▶ **Required action**:
Return exactly the span of lines in the following data that opens with the line containing "obtains v l" and closes with the line containing "(simp add: power2_eq_square)". Include nothing else.

▶ **Supplied data**:
┄┄┄┄┄┄┄┄┄┄┄┄┄┄┄┄┄┄┄┄

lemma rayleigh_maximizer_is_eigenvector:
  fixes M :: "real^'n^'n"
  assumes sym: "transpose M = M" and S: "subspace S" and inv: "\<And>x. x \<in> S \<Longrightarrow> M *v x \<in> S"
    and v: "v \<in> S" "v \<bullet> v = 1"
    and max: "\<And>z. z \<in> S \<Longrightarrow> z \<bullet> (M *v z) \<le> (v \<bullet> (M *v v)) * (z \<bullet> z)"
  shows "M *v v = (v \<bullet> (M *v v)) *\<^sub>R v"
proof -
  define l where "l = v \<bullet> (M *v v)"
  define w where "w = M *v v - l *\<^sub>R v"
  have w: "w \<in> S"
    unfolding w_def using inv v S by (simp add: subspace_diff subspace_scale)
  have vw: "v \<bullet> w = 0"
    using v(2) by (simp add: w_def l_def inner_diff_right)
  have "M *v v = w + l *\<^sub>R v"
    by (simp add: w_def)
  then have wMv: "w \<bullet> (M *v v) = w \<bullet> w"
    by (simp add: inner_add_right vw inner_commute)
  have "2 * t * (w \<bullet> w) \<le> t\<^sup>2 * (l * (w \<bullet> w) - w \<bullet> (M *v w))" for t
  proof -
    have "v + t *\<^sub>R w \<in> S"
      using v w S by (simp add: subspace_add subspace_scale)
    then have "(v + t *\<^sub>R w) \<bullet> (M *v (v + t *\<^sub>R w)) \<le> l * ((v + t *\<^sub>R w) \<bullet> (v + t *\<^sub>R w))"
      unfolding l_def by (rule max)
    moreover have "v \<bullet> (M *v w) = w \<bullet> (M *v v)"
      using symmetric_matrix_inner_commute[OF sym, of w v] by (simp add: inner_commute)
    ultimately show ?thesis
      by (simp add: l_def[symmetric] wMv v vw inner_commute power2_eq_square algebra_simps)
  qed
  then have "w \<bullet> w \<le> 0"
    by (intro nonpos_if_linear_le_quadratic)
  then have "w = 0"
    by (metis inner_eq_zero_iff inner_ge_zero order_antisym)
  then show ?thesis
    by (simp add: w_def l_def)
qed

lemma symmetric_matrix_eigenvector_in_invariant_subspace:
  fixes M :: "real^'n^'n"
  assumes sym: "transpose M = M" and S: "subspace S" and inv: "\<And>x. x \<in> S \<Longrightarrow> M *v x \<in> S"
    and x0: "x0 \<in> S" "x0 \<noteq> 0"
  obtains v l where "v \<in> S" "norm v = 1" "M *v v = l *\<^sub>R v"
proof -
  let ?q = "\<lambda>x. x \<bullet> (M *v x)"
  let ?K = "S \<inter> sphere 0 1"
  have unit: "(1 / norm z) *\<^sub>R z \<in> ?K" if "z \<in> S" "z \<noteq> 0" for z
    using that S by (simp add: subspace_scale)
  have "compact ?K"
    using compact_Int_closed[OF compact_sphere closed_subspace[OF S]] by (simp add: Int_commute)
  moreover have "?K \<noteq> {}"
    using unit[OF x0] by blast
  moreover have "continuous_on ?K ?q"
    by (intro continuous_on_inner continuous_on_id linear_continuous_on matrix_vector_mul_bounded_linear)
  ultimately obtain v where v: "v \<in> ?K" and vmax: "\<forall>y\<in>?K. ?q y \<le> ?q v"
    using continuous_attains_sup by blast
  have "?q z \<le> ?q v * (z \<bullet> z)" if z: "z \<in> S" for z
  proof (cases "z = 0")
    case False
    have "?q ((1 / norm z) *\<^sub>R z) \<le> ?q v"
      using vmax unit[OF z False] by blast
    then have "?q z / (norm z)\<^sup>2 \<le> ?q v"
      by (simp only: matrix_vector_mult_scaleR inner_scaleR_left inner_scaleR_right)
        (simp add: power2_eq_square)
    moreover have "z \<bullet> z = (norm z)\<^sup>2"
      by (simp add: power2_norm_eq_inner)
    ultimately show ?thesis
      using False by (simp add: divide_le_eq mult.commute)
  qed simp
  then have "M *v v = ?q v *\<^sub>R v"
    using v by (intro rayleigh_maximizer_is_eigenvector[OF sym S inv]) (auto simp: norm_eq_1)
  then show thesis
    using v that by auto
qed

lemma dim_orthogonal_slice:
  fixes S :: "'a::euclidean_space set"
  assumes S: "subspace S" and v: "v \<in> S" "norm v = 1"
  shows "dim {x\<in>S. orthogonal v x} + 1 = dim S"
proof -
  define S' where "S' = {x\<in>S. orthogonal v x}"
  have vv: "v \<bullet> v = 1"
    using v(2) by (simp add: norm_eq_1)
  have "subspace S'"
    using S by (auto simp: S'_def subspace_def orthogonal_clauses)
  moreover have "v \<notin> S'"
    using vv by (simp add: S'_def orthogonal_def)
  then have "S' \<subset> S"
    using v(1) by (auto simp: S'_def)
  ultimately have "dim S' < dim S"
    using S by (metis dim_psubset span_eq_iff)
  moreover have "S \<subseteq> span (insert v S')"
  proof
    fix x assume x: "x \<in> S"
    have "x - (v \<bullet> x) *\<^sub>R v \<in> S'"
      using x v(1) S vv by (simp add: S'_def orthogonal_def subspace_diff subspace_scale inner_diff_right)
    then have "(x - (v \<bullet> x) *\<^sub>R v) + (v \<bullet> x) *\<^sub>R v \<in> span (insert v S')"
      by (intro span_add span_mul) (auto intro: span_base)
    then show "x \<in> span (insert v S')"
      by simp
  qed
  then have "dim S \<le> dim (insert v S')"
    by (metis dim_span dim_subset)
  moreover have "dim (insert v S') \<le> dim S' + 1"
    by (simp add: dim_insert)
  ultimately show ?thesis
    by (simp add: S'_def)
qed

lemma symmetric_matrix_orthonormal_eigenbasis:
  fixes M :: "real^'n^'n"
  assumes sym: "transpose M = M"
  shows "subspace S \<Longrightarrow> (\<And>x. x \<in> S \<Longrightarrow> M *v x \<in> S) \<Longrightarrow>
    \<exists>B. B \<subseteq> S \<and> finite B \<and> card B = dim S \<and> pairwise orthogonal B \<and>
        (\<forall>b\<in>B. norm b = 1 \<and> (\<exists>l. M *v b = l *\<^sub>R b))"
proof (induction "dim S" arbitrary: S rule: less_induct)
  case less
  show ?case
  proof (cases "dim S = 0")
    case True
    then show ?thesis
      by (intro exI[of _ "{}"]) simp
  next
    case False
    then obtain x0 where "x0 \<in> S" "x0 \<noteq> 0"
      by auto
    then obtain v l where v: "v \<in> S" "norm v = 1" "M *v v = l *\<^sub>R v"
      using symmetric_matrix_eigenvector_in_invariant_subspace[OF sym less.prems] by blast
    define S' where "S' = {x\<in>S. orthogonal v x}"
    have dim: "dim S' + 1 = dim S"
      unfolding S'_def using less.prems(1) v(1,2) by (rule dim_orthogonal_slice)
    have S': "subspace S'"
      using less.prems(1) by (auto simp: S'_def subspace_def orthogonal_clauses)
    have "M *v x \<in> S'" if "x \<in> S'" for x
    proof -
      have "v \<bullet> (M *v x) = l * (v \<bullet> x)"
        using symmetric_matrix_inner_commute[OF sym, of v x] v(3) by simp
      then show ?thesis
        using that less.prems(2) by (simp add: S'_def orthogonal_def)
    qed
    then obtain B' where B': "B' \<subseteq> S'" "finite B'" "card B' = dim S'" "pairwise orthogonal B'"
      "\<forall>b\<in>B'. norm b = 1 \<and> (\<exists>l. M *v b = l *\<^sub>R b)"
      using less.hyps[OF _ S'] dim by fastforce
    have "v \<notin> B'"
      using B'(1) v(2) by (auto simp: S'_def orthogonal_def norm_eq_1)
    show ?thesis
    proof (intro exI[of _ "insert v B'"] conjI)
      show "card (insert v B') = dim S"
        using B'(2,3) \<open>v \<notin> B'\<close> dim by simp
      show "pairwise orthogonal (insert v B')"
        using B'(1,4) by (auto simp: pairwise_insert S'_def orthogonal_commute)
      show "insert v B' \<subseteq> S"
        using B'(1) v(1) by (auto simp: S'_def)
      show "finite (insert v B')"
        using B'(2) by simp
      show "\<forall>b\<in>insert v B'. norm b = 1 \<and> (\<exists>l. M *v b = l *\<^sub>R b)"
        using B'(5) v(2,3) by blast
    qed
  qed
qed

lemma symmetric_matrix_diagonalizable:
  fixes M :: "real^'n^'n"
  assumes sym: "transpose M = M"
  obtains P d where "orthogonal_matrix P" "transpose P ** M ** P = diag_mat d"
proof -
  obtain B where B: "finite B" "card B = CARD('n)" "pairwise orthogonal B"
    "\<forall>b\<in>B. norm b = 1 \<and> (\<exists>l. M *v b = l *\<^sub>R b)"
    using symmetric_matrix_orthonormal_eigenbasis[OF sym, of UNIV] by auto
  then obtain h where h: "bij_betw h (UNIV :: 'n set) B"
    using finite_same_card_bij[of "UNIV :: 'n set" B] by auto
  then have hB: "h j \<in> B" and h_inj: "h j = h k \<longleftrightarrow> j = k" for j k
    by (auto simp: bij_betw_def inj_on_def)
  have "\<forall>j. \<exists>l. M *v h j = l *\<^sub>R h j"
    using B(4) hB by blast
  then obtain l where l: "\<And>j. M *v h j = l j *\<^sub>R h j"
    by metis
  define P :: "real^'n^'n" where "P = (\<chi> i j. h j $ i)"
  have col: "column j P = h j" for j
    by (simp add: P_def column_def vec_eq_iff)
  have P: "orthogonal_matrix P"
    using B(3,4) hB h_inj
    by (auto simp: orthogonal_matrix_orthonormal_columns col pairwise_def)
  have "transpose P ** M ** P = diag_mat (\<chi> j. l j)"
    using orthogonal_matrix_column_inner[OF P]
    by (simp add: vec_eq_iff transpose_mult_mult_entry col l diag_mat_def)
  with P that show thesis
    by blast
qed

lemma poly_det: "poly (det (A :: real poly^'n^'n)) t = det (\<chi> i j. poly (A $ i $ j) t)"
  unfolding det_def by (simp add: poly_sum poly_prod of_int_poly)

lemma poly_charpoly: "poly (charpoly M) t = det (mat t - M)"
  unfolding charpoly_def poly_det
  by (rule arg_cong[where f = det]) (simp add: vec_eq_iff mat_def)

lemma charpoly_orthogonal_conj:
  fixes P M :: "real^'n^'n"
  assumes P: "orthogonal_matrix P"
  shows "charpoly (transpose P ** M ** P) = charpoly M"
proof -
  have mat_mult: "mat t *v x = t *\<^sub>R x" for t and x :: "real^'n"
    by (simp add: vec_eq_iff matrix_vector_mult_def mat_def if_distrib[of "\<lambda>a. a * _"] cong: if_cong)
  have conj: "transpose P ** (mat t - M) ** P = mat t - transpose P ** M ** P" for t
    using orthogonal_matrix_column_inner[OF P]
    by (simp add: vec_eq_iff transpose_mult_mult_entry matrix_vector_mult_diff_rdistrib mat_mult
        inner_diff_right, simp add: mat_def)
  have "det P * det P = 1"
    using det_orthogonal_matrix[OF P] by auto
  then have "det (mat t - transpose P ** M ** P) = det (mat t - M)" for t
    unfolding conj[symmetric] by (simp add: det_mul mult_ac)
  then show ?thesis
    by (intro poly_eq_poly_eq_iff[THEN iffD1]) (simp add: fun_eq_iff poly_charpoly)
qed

┄┄┄┄┄┄┄┄┄┄┄┄┄┄┄┄┄┄┄┄

▶ **Answer for this exercise**:
  obtains v l where "v \<in> S" "norm v = 1" "M *v v = l *\<^sub>R v"
proof -
  let ?q = "\<lambda>x. x \<bullet> (M *v x)"
  let ?K = "S \<inter> sphere 0 1"
  have unit: "(1 / norm z) *\<^sub>R z \<in> ?K" if "z \<in> S" "z \<noteq> 0" for z
    using that S by (simp add: subspace_scale)
  have "compact ?K"
    using compact_Int_closed[OF compact_sphere closed_subspace[OF S]] by (simp add: Int_commute)
  moreover have "?K \<noteq> {}"
    using unit[OF x0] by blast
  moreover have "continuous_on ?K ?q"
    by (intro continuous_on_inner continuous_on_id linear_continuous_on matrix_vector_mul_bounded_linear)
  ultimately obtain v where v: "v \<in> ?K" and vmax: "\<forall>y\<in>?K. ?q y \<le> ?q v"
    using continuous_attains_sup by blast
  have "?q z \<le> ?q v * (z \<bullet> z)" if z: "z \<in> S" for z
  proof (cases "z = 0")
    case False
    have "?q ((1 / norm z) *\<^sub>R z) \<le> ?q v"
      using vmax unit[OF z False] by blast
    then have "?q z / (norm z)\<^sup>2 \<le> ?q v"
      by (simp only: matrix_vector_mult_scaleR inner_scaleR_left inner_scaleR_right)
        (simp add: power2_eq_square)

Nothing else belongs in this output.